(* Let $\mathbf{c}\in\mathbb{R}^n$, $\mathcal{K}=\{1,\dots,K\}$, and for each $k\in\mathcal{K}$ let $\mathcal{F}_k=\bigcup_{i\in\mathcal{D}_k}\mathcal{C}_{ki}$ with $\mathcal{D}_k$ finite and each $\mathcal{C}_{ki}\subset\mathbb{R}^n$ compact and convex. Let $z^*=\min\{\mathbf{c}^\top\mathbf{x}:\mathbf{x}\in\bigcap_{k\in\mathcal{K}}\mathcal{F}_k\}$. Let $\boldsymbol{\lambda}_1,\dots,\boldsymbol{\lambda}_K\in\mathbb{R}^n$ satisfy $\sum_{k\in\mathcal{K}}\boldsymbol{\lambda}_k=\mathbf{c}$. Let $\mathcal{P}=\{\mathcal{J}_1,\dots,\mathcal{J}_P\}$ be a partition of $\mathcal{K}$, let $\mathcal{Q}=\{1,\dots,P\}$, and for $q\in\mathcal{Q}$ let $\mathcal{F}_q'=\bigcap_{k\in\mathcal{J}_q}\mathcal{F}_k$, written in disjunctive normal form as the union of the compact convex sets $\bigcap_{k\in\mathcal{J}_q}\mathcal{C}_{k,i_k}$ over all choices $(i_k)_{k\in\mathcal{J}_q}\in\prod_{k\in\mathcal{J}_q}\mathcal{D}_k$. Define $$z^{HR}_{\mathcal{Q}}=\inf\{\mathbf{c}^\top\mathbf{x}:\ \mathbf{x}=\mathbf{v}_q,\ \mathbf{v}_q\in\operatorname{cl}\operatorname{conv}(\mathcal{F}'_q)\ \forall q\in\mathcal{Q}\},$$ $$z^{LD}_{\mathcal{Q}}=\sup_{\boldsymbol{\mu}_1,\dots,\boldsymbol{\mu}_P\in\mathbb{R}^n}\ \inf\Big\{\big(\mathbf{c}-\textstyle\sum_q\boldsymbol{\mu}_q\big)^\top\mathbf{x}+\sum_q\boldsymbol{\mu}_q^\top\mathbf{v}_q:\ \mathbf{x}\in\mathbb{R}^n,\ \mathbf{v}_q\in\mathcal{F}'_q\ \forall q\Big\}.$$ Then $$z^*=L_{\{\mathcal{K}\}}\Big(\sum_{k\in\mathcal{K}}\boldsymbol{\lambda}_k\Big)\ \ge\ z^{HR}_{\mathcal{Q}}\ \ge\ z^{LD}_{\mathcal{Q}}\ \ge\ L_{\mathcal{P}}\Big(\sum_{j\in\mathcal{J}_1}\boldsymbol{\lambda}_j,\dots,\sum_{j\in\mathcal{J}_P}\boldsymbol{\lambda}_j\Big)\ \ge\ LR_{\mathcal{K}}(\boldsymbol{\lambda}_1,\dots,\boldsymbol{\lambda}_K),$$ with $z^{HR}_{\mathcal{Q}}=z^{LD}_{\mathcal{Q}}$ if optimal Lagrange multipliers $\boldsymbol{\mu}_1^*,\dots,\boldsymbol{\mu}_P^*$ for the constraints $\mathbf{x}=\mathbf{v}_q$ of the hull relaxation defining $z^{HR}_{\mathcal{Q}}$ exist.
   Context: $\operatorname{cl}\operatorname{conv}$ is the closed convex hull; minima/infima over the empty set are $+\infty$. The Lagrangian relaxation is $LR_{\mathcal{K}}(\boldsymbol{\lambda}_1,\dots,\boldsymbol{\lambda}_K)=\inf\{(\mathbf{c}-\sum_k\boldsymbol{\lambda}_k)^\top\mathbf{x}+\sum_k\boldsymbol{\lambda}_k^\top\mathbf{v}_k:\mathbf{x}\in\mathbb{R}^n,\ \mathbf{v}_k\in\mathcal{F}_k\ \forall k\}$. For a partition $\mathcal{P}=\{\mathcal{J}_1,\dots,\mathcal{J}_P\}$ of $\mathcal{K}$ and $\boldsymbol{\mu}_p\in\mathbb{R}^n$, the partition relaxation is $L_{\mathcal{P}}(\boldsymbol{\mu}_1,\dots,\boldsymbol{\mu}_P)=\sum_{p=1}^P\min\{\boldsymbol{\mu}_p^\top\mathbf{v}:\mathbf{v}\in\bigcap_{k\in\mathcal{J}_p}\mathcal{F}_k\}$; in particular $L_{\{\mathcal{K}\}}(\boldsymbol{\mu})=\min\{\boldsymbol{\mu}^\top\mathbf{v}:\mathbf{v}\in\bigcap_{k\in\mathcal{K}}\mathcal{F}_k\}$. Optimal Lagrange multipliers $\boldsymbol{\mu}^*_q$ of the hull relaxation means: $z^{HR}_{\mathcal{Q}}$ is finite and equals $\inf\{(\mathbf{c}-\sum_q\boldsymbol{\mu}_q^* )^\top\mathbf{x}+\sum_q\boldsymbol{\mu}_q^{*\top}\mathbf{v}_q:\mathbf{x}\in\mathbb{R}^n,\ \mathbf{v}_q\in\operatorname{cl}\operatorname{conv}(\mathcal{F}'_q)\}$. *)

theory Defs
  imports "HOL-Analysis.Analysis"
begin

···

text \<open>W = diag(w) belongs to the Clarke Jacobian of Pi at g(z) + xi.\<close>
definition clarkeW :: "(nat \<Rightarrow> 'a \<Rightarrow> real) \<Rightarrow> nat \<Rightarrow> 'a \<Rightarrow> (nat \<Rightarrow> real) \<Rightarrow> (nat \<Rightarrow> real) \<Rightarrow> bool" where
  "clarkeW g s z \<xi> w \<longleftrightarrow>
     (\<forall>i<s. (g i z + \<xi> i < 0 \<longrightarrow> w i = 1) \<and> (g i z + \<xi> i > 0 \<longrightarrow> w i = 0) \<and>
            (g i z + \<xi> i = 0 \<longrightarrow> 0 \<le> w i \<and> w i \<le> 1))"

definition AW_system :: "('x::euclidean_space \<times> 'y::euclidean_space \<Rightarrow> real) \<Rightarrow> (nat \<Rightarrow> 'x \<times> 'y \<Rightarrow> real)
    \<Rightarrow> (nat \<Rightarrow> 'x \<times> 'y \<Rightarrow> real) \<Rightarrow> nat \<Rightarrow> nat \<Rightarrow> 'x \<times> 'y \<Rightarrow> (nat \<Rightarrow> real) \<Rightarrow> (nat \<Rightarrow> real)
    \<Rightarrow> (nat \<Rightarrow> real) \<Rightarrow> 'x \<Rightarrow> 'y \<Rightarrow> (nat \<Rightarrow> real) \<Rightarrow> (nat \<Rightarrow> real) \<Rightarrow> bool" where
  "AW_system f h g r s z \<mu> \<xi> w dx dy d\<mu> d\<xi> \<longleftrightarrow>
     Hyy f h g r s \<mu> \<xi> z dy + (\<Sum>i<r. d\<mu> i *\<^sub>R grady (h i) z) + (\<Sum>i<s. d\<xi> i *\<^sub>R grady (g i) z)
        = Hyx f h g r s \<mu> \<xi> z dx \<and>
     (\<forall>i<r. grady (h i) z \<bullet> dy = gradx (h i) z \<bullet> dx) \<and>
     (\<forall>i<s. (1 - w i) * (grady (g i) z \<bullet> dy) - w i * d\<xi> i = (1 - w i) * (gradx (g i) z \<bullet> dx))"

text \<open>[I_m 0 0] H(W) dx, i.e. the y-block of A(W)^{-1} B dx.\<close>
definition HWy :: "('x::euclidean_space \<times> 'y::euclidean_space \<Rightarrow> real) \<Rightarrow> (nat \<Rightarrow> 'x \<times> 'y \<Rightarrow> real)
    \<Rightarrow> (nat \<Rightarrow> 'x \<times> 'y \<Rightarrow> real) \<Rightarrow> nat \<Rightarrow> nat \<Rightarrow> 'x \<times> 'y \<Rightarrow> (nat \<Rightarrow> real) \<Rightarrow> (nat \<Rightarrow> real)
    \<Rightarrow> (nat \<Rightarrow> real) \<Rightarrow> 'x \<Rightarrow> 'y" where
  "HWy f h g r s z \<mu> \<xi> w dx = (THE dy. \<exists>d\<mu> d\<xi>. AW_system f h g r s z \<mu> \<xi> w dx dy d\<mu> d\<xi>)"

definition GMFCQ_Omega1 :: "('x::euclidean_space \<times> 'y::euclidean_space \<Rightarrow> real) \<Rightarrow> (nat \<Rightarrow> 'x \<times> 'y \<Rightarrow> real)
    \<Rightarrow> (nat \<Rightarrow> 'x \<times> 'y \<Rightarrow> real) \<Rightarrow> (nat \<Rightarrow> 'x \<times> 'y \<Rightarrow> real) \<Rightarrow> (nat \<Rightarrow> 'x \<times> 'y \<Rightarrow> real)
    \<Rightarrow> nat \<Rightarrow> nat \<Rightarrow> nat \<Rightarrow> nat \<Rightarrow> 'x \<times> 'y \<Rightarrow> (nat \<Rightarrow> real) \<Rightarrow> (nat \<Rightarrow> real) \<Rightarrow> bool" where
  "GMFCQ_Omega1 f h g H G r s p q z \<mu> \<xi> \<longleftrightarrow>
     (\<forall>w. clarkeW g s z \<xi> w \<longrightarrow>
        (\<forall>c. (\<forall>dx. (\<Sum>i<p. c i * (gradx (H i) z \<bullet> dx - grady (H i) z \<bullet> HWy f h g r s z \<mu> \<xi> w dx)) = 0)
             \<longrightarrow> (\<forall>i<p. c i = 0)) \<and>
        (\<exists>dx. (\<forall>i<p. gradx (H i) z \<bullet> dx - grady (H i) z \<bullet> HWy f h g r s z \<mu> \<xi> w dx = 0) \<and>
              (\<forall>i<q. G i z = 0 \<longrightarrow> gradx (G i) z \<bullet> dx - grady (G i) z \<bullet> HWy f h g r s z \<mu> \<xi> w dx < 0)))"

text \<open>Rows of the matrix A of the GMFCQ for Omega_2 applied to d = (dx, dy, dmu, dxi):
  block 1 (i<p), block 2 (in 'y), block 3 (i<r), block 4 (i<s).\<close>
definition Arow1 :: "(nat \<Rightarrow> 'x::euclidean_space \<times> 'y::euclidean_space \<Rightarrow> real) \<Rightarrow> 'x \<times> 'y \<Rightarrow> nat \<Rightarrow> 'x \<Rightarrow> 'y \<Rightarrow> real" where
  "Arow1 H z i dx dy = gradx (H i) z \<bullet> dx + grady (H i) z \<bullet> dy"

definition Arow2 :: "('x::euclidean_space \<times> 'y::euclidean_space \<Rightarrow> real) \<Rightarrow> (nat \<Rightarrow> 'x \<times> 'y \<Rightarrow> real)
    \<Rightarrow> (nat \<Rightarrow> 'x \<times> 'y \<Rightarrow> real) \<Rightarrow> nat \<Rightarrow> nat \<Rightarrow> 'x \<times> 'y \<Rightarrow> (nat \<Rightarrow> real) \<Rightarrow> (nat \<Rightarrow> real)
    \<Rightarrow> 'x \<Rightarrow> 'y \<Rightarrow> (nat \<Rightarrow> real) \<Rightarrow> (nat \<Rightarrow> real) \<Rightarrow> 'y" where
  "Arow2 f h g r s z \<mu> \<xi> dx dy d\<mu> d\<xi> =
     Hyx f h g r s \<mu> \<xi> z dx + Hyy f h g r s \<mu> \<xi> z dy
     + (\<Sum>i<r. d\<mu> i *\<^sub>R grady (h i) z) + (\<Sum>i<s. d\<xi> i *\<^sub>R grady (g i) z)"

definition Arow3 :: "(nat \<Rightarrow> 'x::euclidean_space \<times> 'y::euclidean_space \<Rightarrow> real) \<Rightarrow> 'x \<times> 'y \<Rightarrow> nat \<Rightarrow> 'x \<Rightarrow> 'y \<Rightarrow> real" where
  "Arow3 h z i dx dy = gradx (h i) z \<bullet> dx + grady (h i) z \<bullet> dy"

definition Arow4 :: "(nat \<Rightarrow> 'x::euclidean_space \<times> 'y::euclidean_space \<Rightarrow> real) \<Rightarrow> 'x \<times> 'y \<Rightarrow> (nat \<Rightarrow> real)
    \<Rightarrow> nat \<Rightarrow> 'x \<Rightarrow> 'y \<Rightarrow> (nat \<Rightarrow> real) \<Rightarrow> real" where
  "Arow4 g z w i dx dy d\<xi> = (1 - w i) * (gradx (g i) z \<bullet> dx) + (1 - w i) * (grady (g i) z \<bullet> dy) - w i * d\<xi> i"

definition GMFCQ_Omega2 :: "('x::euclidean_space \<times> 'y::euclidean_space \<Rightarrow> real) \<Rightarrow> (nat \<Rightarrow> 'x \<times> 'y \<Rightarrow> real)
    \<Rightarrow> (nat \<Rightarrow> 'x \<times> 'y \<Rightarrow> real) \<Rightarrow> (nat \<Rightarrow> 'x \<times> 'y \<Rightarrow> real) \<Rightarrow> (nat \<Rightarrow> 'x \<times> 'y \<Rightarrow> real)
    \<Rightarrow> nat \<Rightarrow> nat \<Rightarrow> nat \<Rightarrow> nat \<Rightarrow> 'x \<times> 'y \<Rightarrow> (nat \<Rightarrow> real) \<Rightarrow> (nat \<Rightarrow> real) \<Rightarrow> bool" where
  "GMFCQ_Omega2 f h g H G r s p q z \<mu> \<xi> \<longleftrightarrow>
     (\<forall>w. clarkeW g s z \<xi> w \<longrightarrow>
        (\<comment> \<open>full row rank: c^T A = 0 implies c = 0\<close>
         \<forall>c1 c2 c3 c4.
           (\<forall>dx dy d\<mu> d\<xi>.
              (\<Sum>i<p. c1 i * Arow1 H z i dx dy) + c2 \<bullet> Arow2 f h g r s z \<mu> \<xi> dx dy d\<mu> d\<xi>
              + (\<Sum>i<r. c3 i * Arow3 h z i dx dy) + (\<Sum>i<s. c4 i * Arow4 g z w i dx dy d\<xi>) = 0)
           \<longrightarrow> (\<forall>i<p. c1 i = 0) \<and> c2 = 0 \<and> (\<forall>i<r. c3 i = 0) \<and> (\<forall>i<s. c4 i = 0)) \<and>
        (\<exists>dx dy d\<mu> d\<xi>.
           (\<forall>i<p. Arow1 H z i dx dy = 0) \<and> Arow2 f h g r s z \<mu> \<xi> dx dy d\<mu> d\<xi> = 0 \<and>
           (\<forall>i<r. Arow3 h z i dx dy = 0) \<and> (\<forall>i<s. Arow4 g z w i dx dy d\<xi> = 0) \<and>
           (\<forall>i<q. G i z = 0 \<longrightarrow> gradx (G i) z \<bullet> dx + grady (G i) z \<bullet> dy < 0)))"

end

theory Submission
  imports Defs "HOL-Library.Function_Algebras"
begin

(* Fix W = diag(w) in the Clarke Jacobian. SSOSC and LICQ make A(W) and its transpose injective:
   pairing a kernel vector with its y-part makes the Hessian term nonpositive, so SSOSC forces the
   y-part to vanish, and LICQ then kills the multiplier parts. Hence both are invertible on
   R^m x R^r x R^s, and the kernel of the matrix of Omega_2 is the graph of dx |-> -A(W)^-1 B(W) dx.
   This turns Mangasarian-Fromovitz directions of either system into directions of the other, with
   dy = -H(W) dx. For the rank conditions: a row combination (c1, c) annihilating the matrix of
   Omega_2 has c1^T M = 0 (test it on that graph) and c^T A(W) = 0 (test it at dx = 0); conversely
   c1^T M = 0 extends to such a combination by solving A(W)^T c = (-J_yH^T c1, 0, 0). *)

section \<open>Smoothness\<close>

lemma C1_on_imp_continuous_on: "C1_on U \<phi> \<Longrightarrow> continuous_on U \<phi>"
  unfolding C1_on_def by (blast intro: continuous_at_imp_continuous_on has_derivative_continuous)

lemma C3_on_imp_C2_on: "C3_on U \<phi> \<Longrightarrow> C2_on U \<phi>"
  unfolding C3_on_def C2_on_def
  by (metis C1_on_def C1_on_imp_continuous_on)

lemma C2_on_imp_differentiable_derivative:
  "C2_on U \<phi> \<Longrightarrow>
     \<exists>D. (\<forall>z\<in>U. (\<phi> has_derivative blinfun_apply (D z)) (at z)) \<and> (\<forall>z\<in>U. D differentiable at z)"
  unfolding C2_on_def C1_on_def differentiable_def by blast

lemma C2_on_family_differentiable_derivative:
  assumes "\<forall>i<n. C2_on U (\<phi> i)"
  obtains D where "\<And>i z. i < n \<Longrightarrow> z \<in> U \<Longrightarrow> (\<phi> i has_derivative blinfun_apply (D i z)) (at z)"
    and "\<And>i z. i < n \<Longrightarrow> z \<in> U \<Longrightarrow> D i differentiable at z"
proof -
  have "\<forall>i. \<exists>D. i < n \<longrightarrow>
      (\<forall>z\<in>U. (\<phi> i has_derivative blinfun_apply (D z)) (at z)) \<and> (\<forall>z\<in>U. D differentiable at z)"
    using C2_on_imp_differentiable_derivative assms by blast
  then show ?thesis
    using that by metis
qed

···

Using the records above, determine how many lines hold the word "blast", and answer with that figure only.

3